Minister resigns amid fury over delay to FOBT cuts

Sports Minister Tracey Crouch has resigned in protest at the Treasury’s controversial decision to delay gambling reforms until October 2019.

Fixed-odds betting terminals (FOBTs) currently allow gamblers to bet up to £100 every 20 seconds, but it was announced in May that the maximum stake would be lowered to £2, to reduce gambling-related harms.

MPs expressed outrage that pressure from the gambling industry has meant the cuts will not take place in April.

Unjustifiable delay

Crouch, who was responsible for reviewing gambling policy, resigned having campaigned strongly for the stake reduction.

In her letter of resignation, she said: “From the time of the announcement to reduce stakes and its implementation over £1.6 billion will be lost on these machines, a significant amount of which will be in our most deprived areas including my own constituency.”

She added that due to the scale of the UK’s gambling-related problems, “this delay is unjustifiable”.


Labour’s Kevin Brennan MP hit out at Culture Secretary Jeremy Wright, in the House of Commons earlier this week.

He said the delay was “a betrayal” of his ministerial colleagues, his predecessors as Secretary of State, and “the victims and their families, whose lives have been blighted by gambling addiction”.
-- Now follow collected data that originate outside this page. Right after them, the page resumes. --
(* There exist an absolute constant $c>0$ and an integer $N$ such that for every integer $n\geq N$ the following holds. Let $f:\mathbb{R}\to\mathbb{R}$ be the continuous function which equals $1$ on $[\frac{1}{n},1-\frac{1}{n}]$, equals $-1$ on $[-1+\frac{1}{n},-\frac{1}{n}]$, equals $0$ for $|t|\geq 1$, and is linear on each of the intervals $[-1,-1+\frac{1}{n}]$, $[-\frac{1}{n},\frac{1}{n}]$ and $[1-\frac{1}{n},1]$. Let $\phi_n(x)=c_n\left(1-\frac{x^2}{4}\right)^{n^2}$, with $c_n>0$ chosen so that $\int_{-2}^2\phi_n(x)\,dx=1$, and let $P_n(t)=\int_{-1}^1 f(x)\phi_n(t-x)\,dx$. Then $P_n$ is a polynomial of degree $d=2n^2-1$ and $$\bigg|\,\mathrm{p.v.}\int_{\mathbb{R}} e^{iP_n(t)}\frac{dt}{t}\bigg|\geq c\log d.$$
   Context: The principal value integral is $\mathrm{p.v.}\int_{\mathbb{R}} e^{iP(t)}\frac{dt}{t}=\lim_{\epsilon\to 0^+,\,R\to\infty}\int_{\epsilon\leq |t|\leq R} e^{iP(t)}\frac{dt}{t}$. *)

theory Defs
  imports "HOL-Analysis.Analysis" "HOL-Computational_Algebra.Polynomial"
begin

definition f_fun :: "nat \<Rightarrow> real \<Rightarrow> real" where
  "f_fun n t =
     (if \<bar>t\<bar> \<ge> 1 then 0
      else if \<bar>t\<bar> \<le> 1 / real n then real n * t
      else if \<bar>t\<bar> \<le> 1 - 1 / real n then sgn t
      else sgn t * real n * (1 - \<bar>t\<bar>))"

definition c_const :: "nat \<Rightarrow> real" where
  "c_const n = 1 / integral {-2..2} (\<lambda>x. (1 - x\<^sup>2 / 4) ^ (n\<^sup>2))"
“Why has he chosen to back the bookies rather than the gambling addiction victims and their families, his own Minister and the overwhelming public interest?”


Former Tory leader Iain Duncan Smith MP said he was “deeply concerned” by the announcement, adding that the Government had made “a big bold decision” when it first agreed to make the cuts.
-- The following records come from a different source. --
(* Suppose the initial condition is independent of the graph, i.e. $\mathbb P=\mathbb P_0\otimes\mathbb P_g$, and that $\liminf_n p_n^3n^{1-\varepsilon}=\infty$ for some $\varepsilon\in(0,1)$. Then for every $r>1$, $$\lim_{n\to\infty}\mathbb E_0\big[\|\hat\eta^n_0\|_{-r}^2\big]=0,\quad\mathbb P_g\text{-a.s.}$$ In particular the moment bound $\sup_n\mathbb E_0\|\hat\eta^n_0\|_{-r}^{1+\alpha}<\infty$ holds $\mathbb P_g$-a.s. for every $\alpha\in(0,1)$ and the limit of $\hat\eta^n_0$ is $0$.
   Context: $\mathbb T=\mathbb R/2\pi\mathbb Z$. For each $n\ge2$, $p_n\in(0,1]$ and $(\xi^{(n)}_{ij})_{i,j\le n}$ are i.i.d. Bernoulli$(p_n)$ (law $\mathbb P_g$); $(\theta^{i,n}_0)_{i\le n}$ are $\mathbb T$-valued random variables with law $\mathbb P_0$ (expectation $\mathbb E_0$), arbitrary otherwise. $\hat\xi^{(n)}_{ij}=\xi^{(n)}_{ij}/p_n-1$ and $\hat\eta^n_0=n^{-3/2}\sum_{i,j=1}^n\hat\xi^{(n)}_{ij}\delta_{(\theta^{i,n}_0,\theta^{j,n}_0)}$, viewed in $H^{-r}(\mathbb T^2)$, the dual of the $L^2$-Sobolev space $H^r(\mathbb T^2)$, with norm $\|\cdot\|_{-r}$. *)

theory Defs
  imports "HOL-Probability.Probability"
begin

text \<open>Fourier coefficients (at frequency k in Z^2) of the finite signed atomic measure
  sum over a in A of w a times the Dirac mass at x a, on the torus T^2 = (R/2 pi Z)^2.
  Points of T are represented by real representatives; the exponentials are
  2 pi-periodic, so the value does not depend on the choice of representatives.\<close>
definition fourier_atoms ::
  "'a set \<Rightarrow> ('a \<Rightarrow> real) \<Rightarrow> ('a \<Rightarrow> real \<times> real) \<Rightarrow> int \<times> int \<Rightarrow> complex" where
  "fourier_atoms A w x k =
     (\<Sum>a\<in>A. complex_of_real (w a) *
        exp (- \<i> * complex_of_real (real_of_int (fst k) * fst (x a) + real_of_int (snd k) * snd (x a))))
     / complex_of_real (2 * pi)"

definition Hneg_norm_sq ::
  "real \<Rightarrow> 'a set \<Rightarrow> ('a \<Rightarrow> real) \<Rightarrow> ('a \<Rightarrow> real \<times> real) \<Rightarrow> real" where
  "Hneg_norm_sq r A w x =
     (\<Sum>\<^sub>\<infinity>k\<in>(UNIV :: (int \<times> int) set).
        (1 + real_of_int (fst k)^2 + real_of_int (snd k)^2) powr (-r) * (cmod (fourier_atoms A w x k))^2)"

definition xihat :: "real \<Rightarrow> bool \<Rightarrow> real" where
  "xihat p b = (if b then 1 else 0) / p - 1"

text \<open>Squared H^{-r} norm of eta-hat^n_0 = n^{-3/2} sum_{i,j} xihat_ij delta_(theta_i, theta_j),
  indices i, j ranging over {0..<n}.\<close>
definition eta_norm_sq ::
  "real \<Rightarrow> nat \<Rightarrow> real \<Rightarrow> (nat \<Rightarrow> nat \<Rightarrow> bool) \<Rightarrow> (nat \<Rightarrow> real) \<Rightarrow> real" where
  "eta_norm_sq r n p g th =
     Hneg_norm_sq r ({..<n} \<times> {..<n})
       (\<lambda>(i, j). real n powr (-3/2) * xihat p (g i j))
       (\<lambda>(i, j). (th i, th j))"

end

(*
  Expand the H^{-r} norm of eta-hat in Fourier series. Each Fourier coefficient is a sum of n^2
  independent centred terms of size n^{-3/2}/p, so by Hoeffding's inequality it exceeds delta with
  probability at most exp (- delta^2 n p^2), while it is always bounded by sqrt n / p. Frequencies
  outside the box |k| <= K contribute at most K^{1-r} n/p^2, by the decay of the Sobolev weight.
  Inside the box, a union bound, Tonelli and Markov's inequality show that, except for graphs in an
  exceptional set, the initial conditions producing a large coefficient have P_0-mass at most eta.
  With delta = n^{-1/12}, K = n^{3/(r-1)} and eta = p^2/n^2 the exceptional probabilities are
  summable and, off the exceptional set, E_0 ||eta-hat||^2 is bounded by a deterministic null
  sequence; Borel-Cantelli concludes.
*)

theory Submission
  imports Defs "HOL-Real_Asymp.Real_Asymp"
begin

section \<open>Sobolev weights on the dual lattice\<close>

lemma power2_powr_half:
  assumes "(x::real) > 0"
  shows "(x\<^sup>2) powr (c/2) = x powr c"
proof -
  have "(x\<^sup>2) powr (c/2) = (x powr 2) powr (c/2)"
    using assms by (simp add: powr_realpow)
  also have "\<dots> = x powr c"
    by (simp add: powr_powr)
  finally show ?thesis .
qed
“The gambling industry have fought it tooth and nail and succeeded in securing a delay. Families will be in a terrible plight if this is allowed to stay for the next six months.”
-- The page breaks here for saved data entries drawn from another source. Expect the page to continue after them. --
(* Let $m\in\mathbb N$ and let $f:\mathbb R\to\mathbb R$ be a $2\pi$-periodic function of class $C^m$ with zero mean, $\int_0^{2\pi} f(t)\,dt=0$. Then: (a) $\displaystyle 0\le \sum_{k=0}^{m}\mathbf c_{m,k}\int_0^{2\pi} \big(f^{(k)}(t)\big)^2\,dt$, where $\mathbf c_{m,k}$ are the coefficients of the polynomial $Q_m(t):=\prod_{j=1}^{m}(t-j^2)=\sum_{k=0}^{m}\mathbf c_{m,k}t^k$. (b) $\displaystyle 0\le \sum_{k=0}^{m-1}\lambda_{m,k}\int_0^{2\pi}\Big[\big(f^{(k+1)}(t)\big)^2-\big(f^{(k)}(t)\big)^2\Big]dt$, where $\lambda_{m,k}$ are the coefficients of the polynomial $P_m(t)=\sum_{k=0}^{m-1}\lambda_{m,k}t^k$ defined by $P_1(t)=1$ and $P_m(t):=\prod_{j=2}^{m}(t-j^2)$ for $m\ge 2$. (c) If $m\ge 2$, $$0\le \prod_{j=2}^{m}(1-j^2)\int_0^{2\pi}\big[\dot f(t)^2-f(t)^2\big]dt+\sum_{k=1}^{m-1}S_{m,k}\int_0^{2\pi}\big(f^{(k+1)}(t)+f^{(k-1)}(t)\big)^2dt,$$ where $S_{m,1},\dots,S_{m,m-1}$ are the coefficients of the polynomial $\mathcal S_m(t):=\frac{P_m(t)-P_m(1)}{t-1}=\sum_{k=1}^{m-1}S_{m,k}t^{k-1}$. The inequalities in (a), (b), (c) are equivalent, and equality holds in them if and only if $f(t)=\sum_{n=1}^{m}\big(\alpha_n\cos(nt)+\beta_n\sin(nt)\big)$ for some real constants $\alpha_n,\beta_n$.
   Context: $f^{(k)}$ denotes the $k$-th derivative of $f$; $\dot f=f'$. *)

theory Defs
  imports "HOL-Analysis.Analysis" "HOL-Computational_Algebra.Polynomial"
begin

definition C_m :: "nat \<Rightarrow> (real \<Rightarrow> real) \<Rightarrow> bool" where
  "C_m m f \<longleftrightarrow>
     (\<forall>k<m. \<forall>x. ((deriv ^^ k) f has_real_derivative (deriv ^^ Suc k) f x) (at x)) \<and>
     (\<forall>k\<le>m. continuous_on UNIV ((deriv ^^ k) f))"

definition Q_poly :: "nat \<Rightarrow> real poly" where
  "Q_poly m = (\<Prod>j\<in>{1..m}. [: - ((real j)^2), 1 :])"

definition P_poly :: "nat \<Rightarrow> real poly" where
  "P_poly m = (if m = 1 then 1 else (\<Prod>j\<in>{2..m}. [: - ((real j)^2), 1 :]))"

definition S_poly :: "nat \<Rightarrow> real poly" where
  "S_poly m = (P_poly m - [:poly (P_poly m) 1:]) div [: -1, 1 :]"

end

theory Submission
  imports Defs "HOL-Library.Periodic_Fun"
begin

(* Let a_n, b_n be the Fourier coefficients of f over one period. Integration by parts shows
   that each derivative multiplies a_n^2 + b_n^2 by n^2, and f^(k+1) + f^(k-1) has coefficients
   (1 - n^2) times those of f^(k-1). By Parseval's identity each of the three expressions,
   times pi, is therefore the series of Q_m(n^2) (a_n^2 + b_n^2): for (b) since
   Q_m(t) = (t - 1) P_m(t), for (c) since moreover P_m(t) = P_m(1) + (t - 1) S_m(t).
   The term n = 0 vanishes because f has mean zero, and Q_m(n^2) is zero for 1 <= n <= m and
   positive for n > m. So the series is nonnegative, and it vanishes iff a_n = b_n = 0 for all
   n > m, i.e. iff f is a trigonometric polynomial of degree at most m without constant term.
   Parseval's identity comes from Bessel's inequality together with the uniform density of
   trigonometric polynomials, which is Stone-Weierstrass on the unit circle. *)

section \<open>Periodic functions as functions on the circle\<close>

lemma periodic_cis_eq:
  assumes "periodic_fun_simple g (2*pi)" and "cis a = cis b"
  shows "g a = g b"
proof -
  interpret periodic_fun_simple g "2*pi" by fact
  have "sin a = sin b \<and> cos a = cos b"
    using arg_cong[OF assms(2), of Re] arg_cong[OF assms(2), of Im] by simp
  then obtain n :: int where "a = b + of_int n * (2*pi)"
    unfolding sin_cos_eq_iff by (auto simp: mult_ac)
  then show ?thesis using plus_of_int[of b n] by simp
qed

lemma cis_image_period: "cis ` {0..2*pi} = sphere 0 1"
proof
  show "sphere 0 1 \<subseteq> cis ` {0..2*pi}"
  proof
    fix z :: complex assume "z \<in> sphere 0 1"
    then have "z = cis (Arg2pi z)"
      using Arg2pi[of z] by (simp add: is_Arg_def cis_conv_exp)
    then show "z \<in> cis ` {0..2*pi}" using Arg2pi[of z] by force
  qed
qed auto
Some MPs took to social media to express their frustration.

‘Huge social cost’

Bishop of St Albans, Rt Revd Alan Smith, said he is “absolutely appalled” at the delay.

He said: “These machines are predominantly found in the poorest of areas. The research is quite clear. It’s causing huge poverty.”

He added: “Not only is this a huge social cost, it’s a massive financial cost – far more than the £400 million tax revenue the Government receives each year.”